• **Exercise**: When you reach the line in the data below that contains "foldr (*) (map", please start repeating lines exactly, and stop after the line that contains "A product of", repeating nothing else.

• **Data for this task**:

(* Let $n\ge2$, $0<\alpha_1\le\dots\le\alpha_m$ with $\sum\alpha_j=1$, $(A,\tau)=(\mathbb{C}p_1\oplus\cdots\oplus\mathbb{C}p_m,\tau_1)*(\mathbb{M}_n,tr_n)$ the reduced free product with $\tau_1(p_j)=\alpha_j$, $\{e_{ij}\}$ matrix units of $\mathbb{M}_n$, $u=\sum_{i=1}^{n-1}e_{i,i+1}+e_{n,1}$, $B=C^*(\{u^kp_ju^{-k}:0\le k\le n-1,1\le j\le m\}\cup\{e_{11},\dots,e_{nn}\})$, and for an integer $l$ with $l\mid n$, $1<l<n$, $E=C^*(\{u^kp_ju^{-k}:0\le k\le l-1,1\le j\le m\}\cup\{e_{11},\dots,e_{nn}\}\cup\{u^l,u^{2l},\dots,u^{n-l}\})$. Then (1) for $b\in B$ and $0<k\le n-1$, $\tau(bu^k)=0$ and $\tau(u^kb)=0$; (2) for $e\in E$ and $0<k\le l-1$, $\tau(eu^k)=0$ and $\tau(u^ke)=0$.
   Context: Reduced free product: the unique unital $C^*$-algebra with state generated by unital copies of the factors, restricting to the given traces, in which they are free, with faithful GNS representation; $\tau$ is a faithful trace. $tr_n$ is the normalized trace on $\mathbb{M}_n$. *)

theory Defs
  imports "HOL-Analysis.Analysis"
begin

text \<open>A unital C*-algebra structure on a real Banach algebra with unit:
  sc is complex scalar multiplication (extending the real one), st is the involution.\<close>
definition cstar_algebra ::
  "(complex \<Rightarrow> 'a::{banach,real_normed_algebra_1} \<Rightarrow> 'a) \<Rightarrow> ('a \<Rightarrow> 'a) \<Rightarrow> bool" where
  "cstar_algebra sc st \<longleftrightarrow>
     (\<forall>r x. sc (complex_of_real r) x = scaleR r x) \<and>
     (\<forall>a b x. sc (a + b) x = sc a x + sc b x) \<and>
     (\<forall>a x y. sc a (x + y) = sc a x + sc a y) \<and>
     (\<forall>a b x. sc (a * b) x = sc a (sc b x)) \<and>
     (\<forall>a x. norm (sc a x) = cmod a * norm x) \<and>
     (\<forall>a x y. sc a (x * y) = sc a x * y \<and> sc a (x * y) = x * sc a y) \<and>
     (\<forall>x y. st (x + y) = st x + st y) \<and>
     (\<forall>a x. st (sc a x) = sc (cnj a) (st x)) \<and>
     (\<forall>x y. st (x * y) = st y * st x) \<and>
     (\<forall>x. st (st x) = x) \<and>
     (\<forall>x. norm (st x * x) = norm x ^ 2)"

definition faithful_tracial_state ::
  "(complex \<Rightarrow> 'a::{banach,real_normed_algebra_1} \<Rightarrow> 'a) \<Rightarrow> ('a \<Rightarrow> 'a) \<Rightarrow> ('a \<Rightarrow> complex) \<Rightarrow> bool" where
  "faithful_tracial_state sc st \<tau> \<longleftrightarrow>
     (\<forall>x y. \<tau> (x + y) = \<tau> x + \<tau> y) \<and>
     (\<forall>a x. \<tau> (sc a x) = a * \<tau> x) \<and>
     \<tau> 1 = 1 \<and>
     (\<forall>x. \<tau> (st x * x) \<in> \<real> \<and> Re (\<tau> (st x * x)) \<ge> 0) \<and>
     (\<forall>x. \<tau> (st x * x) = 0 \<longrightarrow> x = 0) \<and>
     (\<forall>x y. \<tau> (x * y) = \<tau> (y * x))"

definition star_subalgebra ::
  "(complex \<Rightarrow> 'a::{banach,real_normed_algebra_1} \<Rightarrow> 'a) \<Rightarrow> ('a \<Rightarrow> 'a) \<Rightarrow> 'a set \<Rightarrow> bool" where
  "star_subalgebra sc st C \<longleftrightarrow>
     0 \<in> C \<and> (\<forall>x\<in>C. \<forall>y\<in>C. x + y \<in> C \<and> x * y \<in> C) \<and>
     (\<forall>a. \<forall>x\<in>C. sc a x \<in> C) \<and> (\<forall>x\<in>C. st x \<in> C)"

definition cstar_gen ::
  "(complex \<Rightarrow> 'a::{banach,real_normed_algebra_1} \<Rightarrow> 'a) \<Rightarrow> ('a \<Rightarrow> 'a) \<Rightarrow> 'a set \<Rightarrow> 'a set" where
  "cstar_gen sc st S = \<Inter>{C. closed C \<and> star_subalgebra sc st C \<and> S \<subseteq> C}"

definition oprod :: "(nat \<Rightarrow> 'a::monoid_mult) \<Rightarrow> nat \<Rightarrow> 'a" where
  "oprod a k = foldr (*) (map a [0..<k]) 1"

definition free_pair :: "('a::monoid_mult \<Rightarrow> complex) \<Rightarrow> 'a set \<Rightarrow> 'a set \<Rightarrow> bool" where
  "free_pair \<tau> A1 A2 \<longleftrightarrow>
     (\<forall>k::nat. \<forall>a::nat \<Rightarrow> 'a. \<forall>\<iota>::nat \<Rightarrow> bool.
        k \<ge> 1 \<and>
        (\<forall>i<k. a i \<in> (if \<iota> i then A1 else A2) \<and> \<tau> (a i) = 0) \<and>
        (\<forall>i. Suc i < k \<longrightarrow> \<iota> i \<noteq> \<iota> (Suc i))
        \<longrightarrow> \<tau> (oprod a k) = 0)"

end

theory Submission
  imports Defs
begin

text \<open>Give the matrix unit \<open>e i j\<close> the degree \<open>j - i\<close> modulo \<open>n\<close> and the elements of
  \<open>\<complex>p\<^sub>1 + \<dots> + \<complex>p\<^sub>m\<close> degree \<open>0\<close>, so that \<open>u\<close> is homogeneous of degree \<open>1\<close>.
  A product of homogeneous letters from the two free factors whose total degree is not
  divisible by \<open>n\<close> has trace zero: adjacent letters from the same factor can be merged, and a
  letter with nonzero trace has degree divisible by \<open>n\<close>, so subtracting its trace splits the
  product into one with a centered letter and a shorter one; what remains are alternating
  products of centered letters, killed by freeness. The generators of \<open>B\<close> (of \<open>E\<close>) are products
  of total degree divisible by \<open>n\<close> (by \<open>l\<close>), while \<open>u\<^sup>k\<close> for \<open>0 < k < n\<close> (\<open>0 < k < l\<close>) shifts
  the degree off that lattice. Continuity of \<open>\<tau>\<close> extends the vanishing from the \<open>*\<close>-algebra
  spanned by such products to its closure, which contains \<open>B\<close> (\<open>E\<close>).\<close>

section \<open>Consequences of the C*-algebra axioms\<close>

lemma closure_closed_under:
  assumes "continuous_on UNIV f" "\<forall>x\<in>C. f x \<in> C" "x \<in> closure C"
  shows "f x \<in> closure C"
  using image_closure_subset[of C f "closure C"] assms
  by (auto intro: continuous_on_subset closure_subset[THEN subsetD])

• **Exercise answer**:
  "oprod a k = foldr (*) (map a [0..<k]) 1"

definition free_pair :: "('a::monoid_mult \<Rightarrow> complex) \<Rightarrow> 'a set \<Rightarrow> 'a set \<Rightarrow> bool" where
  "free_pair \<tau> A1 A2 \<longleftrightarrow>
     (\<forall>k::nat. \<forall>a::nat \<Rightarrow> 'a. \<forall>\<iota>::nat \<Rightarrow> bool.
        k \<ge> 1 \<and>
        (\<forall>i<k. a i \<in> (if \<iota> i then A1 else A2) \<and> \<tau> (a i) = 0) \<and>
        (\<forall>i. Suc i < k \<longrightarrow> \<iota> i \<noteq> \<iota> (Suc i))
        \<longrightarrow> \<tau> (oprod a k) = 0)"

end

theory Submission
  imports Defs
begin

text \<open>Give the matrix unit \<open>e i j\<close> the degree \<open>j - i\<close> modulo \<open>n\<close> and the elements of
  \<open>\<complex>p\<^sub>1 + \<dots> + \<complex>p\<^sub>m\<close> degree \<open>0\<close>, so that \<open>u\<close> is homogeneous of degree \<open>1\<close>.
  A product of homogeneous letters from the two free factors whose total degree is not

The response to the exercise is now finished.